Shin Megami Tensei IV
Release Date: May 23, 2013
Platform Played On: 3DS
2018 Placement: #43 (-25)
What It Is:
Shin Megami Tensei is most famous for the Persona series (which has now dropped the SMT label starting with Persona 5) but has a lot of other franchises underneath its belt. From the SRPGs of Devil Survivor to the long-named Devil Summoner: Raidou Kuzunoha vs. the Soulless Army, there are plenty of different games within the SMT umbrella. But of course, there is also the mainline numbered Shin Megami Tensei games, the most recent of which was IV on the 3DS.
The SMT series proper plays partly like a demonic Pokemon: it’s a turn-based RPG where you find and recruit demons into your party and fight other demons. It uses the Press Turn mechanic, where if you exploit the weakness of the demon(s) you’re fighting you get an extra turn, but if you hit one of their strengths you’ll lose extra. Similarly the enemy can exploit your weaknesses to get extra turns as well so you have to be careful which demons are in your party so you don’t give enemies an advantage. It’s an intriguing system that adds extra layers to battle that could be perceived as difficult, but once you get used to the system everything flows together nicely. Oh, and eventually you fight God. Because it’s not an SMT game if you don’t challenge God at some point.
Why It’s Important To Me:
Persona 3 was my first SMT game and while I tried to get into Nocturne, it didn’t really click for me. I enjoyed Devil Survivor because I’m an SRPG slut and I still have an unopened copy of Devil Summoner 2 with the Raiho plushie somewhere. But it wasn’t until SMTIV that the non-Persona SMT formula just clicked for me. I put over 90 hours into this game on the 3DS and dethroned multiple gods along the way and had a blast doing it. It’s a fun battle system and has the same addictive gotta-catch-’em-all style collection as Pokemon, along with a pretty bleak yet hopeful story.

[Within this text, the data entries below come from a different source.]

text \<open>On segment \<open>i\<close> the weighted norm \<open>V\<^sub>i x = norm (P\<^sub>i\<^sup>1\<^sup>/\<^sup>2 x)\<close> contracts by
  \<open>sqrt \<alpha>\<close> per step up to the disturbance term \<open>sqrt p\<^sub>m\<^sub>a\<^sub>x Bbar epsbar\<close>, and at a switch it grows
  by at most \<open>sqrt \<mu>\<close> because \<open>P\<^sub>i\<^sub>+\<^sub>1 \<preceq> \<mu> P\<^sub>i\<close>. Weighting \<open>V\<close> by \<open>\<rho> ^ (k mod T)\<close> with
  \<open>\<rho> = sqrt (\<alpha>hat / \<alpha>)\<close>, so that \<open>\<rho> ^ T = sqrt \<mu>\<close>, spreads each jump over the preceding
  segment: the weighted value obeys \<open>u (k + 1) \<le> sqrt \<alpha>hat * u k + \<rho> ^ T sqrt p\<^sub>m\<^sub>a\<^sub>x Bbar epsbar\<close>,
  a contraction since the dwell-time condition gives \<open>\<alpha>hat < 1\<close>. Comparing \<open>V\<close> with the
  Euclidean norm through \<open>p\<^sub>m\<^sub>i\<^sub>n |x|\<^sup>2 \<le> x \<bullet> P\<^sub>i x \<le> p\<^sub>m\<^sub>a\<^sub>x |x|\<^sup>2\<close> gives the bound.
  Square roots and these eigenvalue bounds come from the spectral theorem, obtained by
  maximising the Rayleigh quotient on invariant subspaces.\<close>

section \<open>Spectral theorem for symmetric matrices\<close>

lemma sym_mat_inner_commute:
  fixes P :: "real^'n^'n"
  assumes "sym_mat P"
  shows "x \<bullet> (P *v y) = (P *v x) \<bullet> y"
  using assms unfolding sym_mat_def by (metis dot_lmul_matrix vector_transpose_matrix)

lemma pos_def_imp_sym_mat: "pos_def P \<Longrightarrow> sym_mat P"
  by (simp add: pos_def_def)

lemma quadratic_nonneg_imp_linear_coeff_zero:
  fixes a c :: real
  assumes nonneg: "\<And>t. 0 \<le> 2 * t * a + t\<^sup>2 * c"
  shows "a = 0"
proof (rule ccontr)
  assume "a \<noteq> 0"
  define d where "d = \<bar>c\<bar> + 1"
  define t where "t = - a / d"
  have "d > 0" by (simp add: d_def)
  then have a: "a = - t * d" and "t \<noteq> 0" using \<open>a \<noteq> 0\<close> by (simp_all add: t_def)
  have "0 \<le> 2 * t * a + t\<^sup>2 * c" by (rule nonneg)
  also have "\<dots> \<le> 2 * t * a + t\<^sup>2 * \<bar>c\<bar>" by (simp add: mult_left_mono)
  also have "\<dots> = - t\<^sup>2 * (\<bar>c\<bar> + 2)" by (simp add: a d_def power2_eq_square algebra_simps)
  also have "\<dots> < 0" using \<open>t \<noteq> 0\<close> by (simp add: add_pos_nonneg)
  finally show False by simp
qed
lemma sum_mset_lap_spectrum:
  "(\<Sum>\<^sub># (image_mset g (lap_spectrum G))) = (\<Sum>S<m. g (lam S) + (bsize S - 1) * g (bdeg S))"
proof -
  have reps: "{j. j < n \<and> j = rep (blk j)} = rep ` {..<m}"
    using block_less rep_less block_rep by auto
  have "inj_on rep {..<m}" by (rule inj_onI) (metis block_rep lessThan_iff)
  have "mset (map eigval [0..<n]) = image_mset eigval (mset_set {..<n})"
    by (simp add: atLeast0LessThan)
  then have "(\<Sum>\<^sub># (image_mset g (lap_spectrum G))) = (\<Sum>j<n. g (eigval j))"
    unfolding lap_spectrum_eq by (simp add: image_mset.compositionality sum_unfold_sum_mset o_def)
  also have "\<dots> = (\<Sum>j<n. g (bdeg (blk j))
      + (if j = rep (blk j) then g (lam (blk j)) - g (bdeg (blk j)) else 0))"
    by (rule sum.cong) (auto simp: eigval_def)
  also have "\<dots> = (\<Sum>j<n. g (bdeg (blk j)))
      + (\<Sum>j\<in>{j. j < n \<and> j = rep (blk j)}. g (lam (blk j)) - g (bdeg (blk j)))"
    by (simp add: sum.distrib sum.inter_filter[symmetric] Int_def)
  also have "(\<Sum>j<n. g (bdeg (blk j))) = (\<Sum>S<m. bsize S * g (bdeg S))"
    by (rule sum_by_block)
  also have "(\<Sum>j\<in>{j. j < n \<and> j = rep (blk j)}. g (lam (blk j)) - g (bdeg (blk j)))
      = (\<Sum>S<m. g (lam S) - g (bdeg S))"
    unfolding reps using \<open>inj_on rep {..<m}\<close> by (simp add: sum.reindex block_rep)
  finally show ?thesis by (simp add: sum.distrib[symmetric] algebra_simps)
qed

lemma count_lap_spectrum:
  "real (count (lap_spectrum G) v)
    = (\<Sum>S<m. (if lam S = v then 1 else 0) + (bsize S - 1) * (if bdeg S = v then 1 else 0))"
  unfolding count_eq_sum_mset_indicator sum_mset_lap_spectrum ..

lemma lap_energy_by_block:
  "lap_energy G = (\<Sum>S<m. \<bar>lam S - avg_degree G\<bar> + (bsize S - 1) * \<bar>bdeg S - avg_degree G\<bar>)"
  unfolding lap_energy_def sum_mset_lap_spectrum ..

end

lemma block_graph_eigenbasis_complete_graph:
  assumes "n \<ge> 1"
  shows "block_graph_eigenbasis (complete_graph n) 1 (\<lambda>_. 0) (\<lambda>_. 0) (\<lambda>_ _. True)
    (\<lambda>_ _. 1) (\<lambda>_. 0) (\<lambda>_. real n)"
  using assms
  by unfold_locales (auto simp: complete_graph_def order_def adj_def block_size_def block_degree_def)

lemma
  assumes n: "n \<ge> 1"
  shows lap_energy_complete_graph: "lap_energy (complete_graph n) = 2 * real n - 2"
    and count_lap_spectrum_complete_graph:
      "real (count (lap_spectrum (complete_graph n)) (real n)) = real n - 1"
proof -
  interpret block_graph_eigenbasis "complete_graph n" 1 "\<lambda>_. 0" "\<lambda>_. 0" "\<lambda>_ _. True"
      "\<lambda>_ _. 1" "\<lambda>_. 0" "\<lambda>_. real n"
    by (rule block_graph_eigenbasis_complete_graph[OF n])
  have order: "order (complete_graph n) = n" by (simp add: complete_graph_def order_def)
  have size: "block_size n (\<lambda>_. 0) 0 = real n" by (simp add: block_size_def)
  have bdeg: "block_degree n (Suc 0) (\<lambda>_. 0) (\<lambda>_ _. True) 0 = real n"
    by (simp add: block_degree_def size)
  have "avg_degree (complete_graph n) = real n - 1"
    using avg_degree_by_block n by (simp add: order size bdeg)
  then show "lap_energy (complete_graph n) = 2 * real n - 2"
    using lap_energy_by_block n by (simp add: order size bdeg)
  show "real (count (lap_spectrum (complete_graph n)) (real n)) = real n - 1"
    using count_lap_spectrum n by (simp add: order size bdeg)
qed

text \<open>The blocks of \<open>G_ir i r\<close>, in vertex order: the outer \<open>(2r+1) K1\<close>, the \<open>(2r+1-i) K1\<close>,
  the apex of \<open>K1 \<nabla> (i+1) K1\<close>, and its \<open>(i+1) K1\<close>.\<close>

definition G_block :: "nat \<Rightarrow> nat \<Rightarrow> nat \<Rightarrow> nat" where
  "G_block r i k = (if k < 2*r+1 then 0 else if k < 4*r+2-i then 1 else if k = 4*r+2-i then 2 else 3)"

definition G_rep :: "nat \<Rightarrow> nat \<Rightarrow> nat \<Rightarrow> nat" where
  "G_rep r i S = [0, 2*r+1, 4*r+2-i, 4*r+3-i] ! S"

definition G_pattern :: "nat \<Rightarrow> nat \<Rightarrow> bool" where
  "G_pattern S T \<longleftrightarrow> (S = 0 \<and> T \<noteq> 0) \<or> (S \<noteq> 0 \<and> T = 0) \<or> (S = 2 \<and> T = 3) \<or> (S = 3 \<and> T = 2)"

definition G_block_size :: "nat \<Rightarrow> nat \<Rightarrow> nat \<Rightarrow> real" where
  "G_block_size r i S = [2*real r+1, 2*real r+1-real i, 1, real i+1] ! S"

definition G_block_degree :: "nat \<Rightarrow> nat \<Rightarrow> nat \<Rightarrow> real" where
  "G_block_degree r i S = [2*real r+3, 2*real r+1, 2*real r+2+real i, 2*real r+2] ! S"

definition G_eigvec :: "nat \<Rightarrow> nat \<Rightarrow> nat \<Rightarrow> nat \<Rightarrow> real" where
  "G_eigvec r i R S = [[1, 1, 1, 1],
     [2*real r+3, -(2*real r+1), -(2*real r+1), -(2*real r+1)],
     [0, 0, real i+1, -1],
     [0, real i+2, -(2*real r+1-real i), -(2*real r+1-real i)]] ! R ! S"

definition G_eigval :: "nat \<Rightarrow> nat \<Rightarrow> nat \<Rightarrow> real" where
  "G_eigval r i R = [0, 4*real r+4, 2*real r+3+real i, 2*real r+1] ! R"

definition G_eigvec_sqnorm :: "nat \<Rightarrow> nat \<Rightarrow> nat \<Rightarrow> real" where
  "G_eigvec_sqnorm r i R = [4*real r+4, (2*real r+1)*(2*real r+3)*(4*real r+4), (real i+1)*(real i+2),
     (2*real r+1-real i)*(real i+2)*(2*real r+3)] ! R"

lemma less_4_cases: "(S :: nat) < 4 \<Longrightarrow> S = 0 \<or> S = 1 \<or> S = 2 \<or> S = 3"
  by auto

lemma sum_lessThan_4: "(\<Sum>S<(4::nat). f S) = f 0 + f 1 + f 2 + f 3"
  by (simp add: eval_nat_numeral)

It also pulls a surprise twist on the players as it starts out in a very feudal-like setting, with the main character being a Samurai in a country called Eastern Mikado. But a few hours into the 80+ hour game your group decides to head down a tower into the “Unclean Ones’ Country” and the player discovers that Mikado is actually an alternate world and you descend into an apocalyptic Tokyo. It blew my mind when I was playing it even though nearly every SMT game takes place in some form of an apocalyptic Tokyo. I think that was what hooked me: between the story beats and characters that were in your party (that weren’t demons) it really grabbed me from the very beginning.
My Strongest Memory:
If you know anything about Shin Megami Tensei games, you’ve probably heard legends of the Matador fight from SMTIII: Nocturne. That’s the boss fight where the game stops fucking around and tells you “learn how these systems work or you’re not getting any further.” It’s a “tough” fight that’s fairly straightforward if you’re following the rules of the game, but will absolutely kick your ass if you’re trying to brute force your way through.
Which brings me to my favorite boss fight of this game, the absolute beast of the Minotaur. It’s not quite the same level as Matador, but the Minotaur is still the “skill check” boss fight of SMTIV and can be quite difficult if you aren’t prepared for it. He also has the best modern design of any new demon – I mean look at that picture above. Look how awesome that character design is! AND this is the first time the “boss” battle music kicks in during the game and it fucking slaps, giving the battle even more weight. AND he basically precedes the Tokyo reveal so he’s not only a skill check boss, but he is the boss right before a big twist in the game. Long story short, I was gripping my 3DS tight the entire battle and was ecstatic when I succeeded at beating him.
(If you want to watch his intro/see the boss battle, watch this here. It’s so good.)
Why It’s #68:
It’s a damn good RPG and the SMT series outside of Persona shouldn’t be slept on. They are some fantastic RPGs with stories that are slightly more adult than what Persona’s high school drama brings to the table. If you’re looking for a little less anime-ass-anime tropes, SMTIV does a good job of not delving into questionable territory (as far as I can recall). It also provides just enough of a challenge to be satisfying but not annoyingly so. It’s good shit.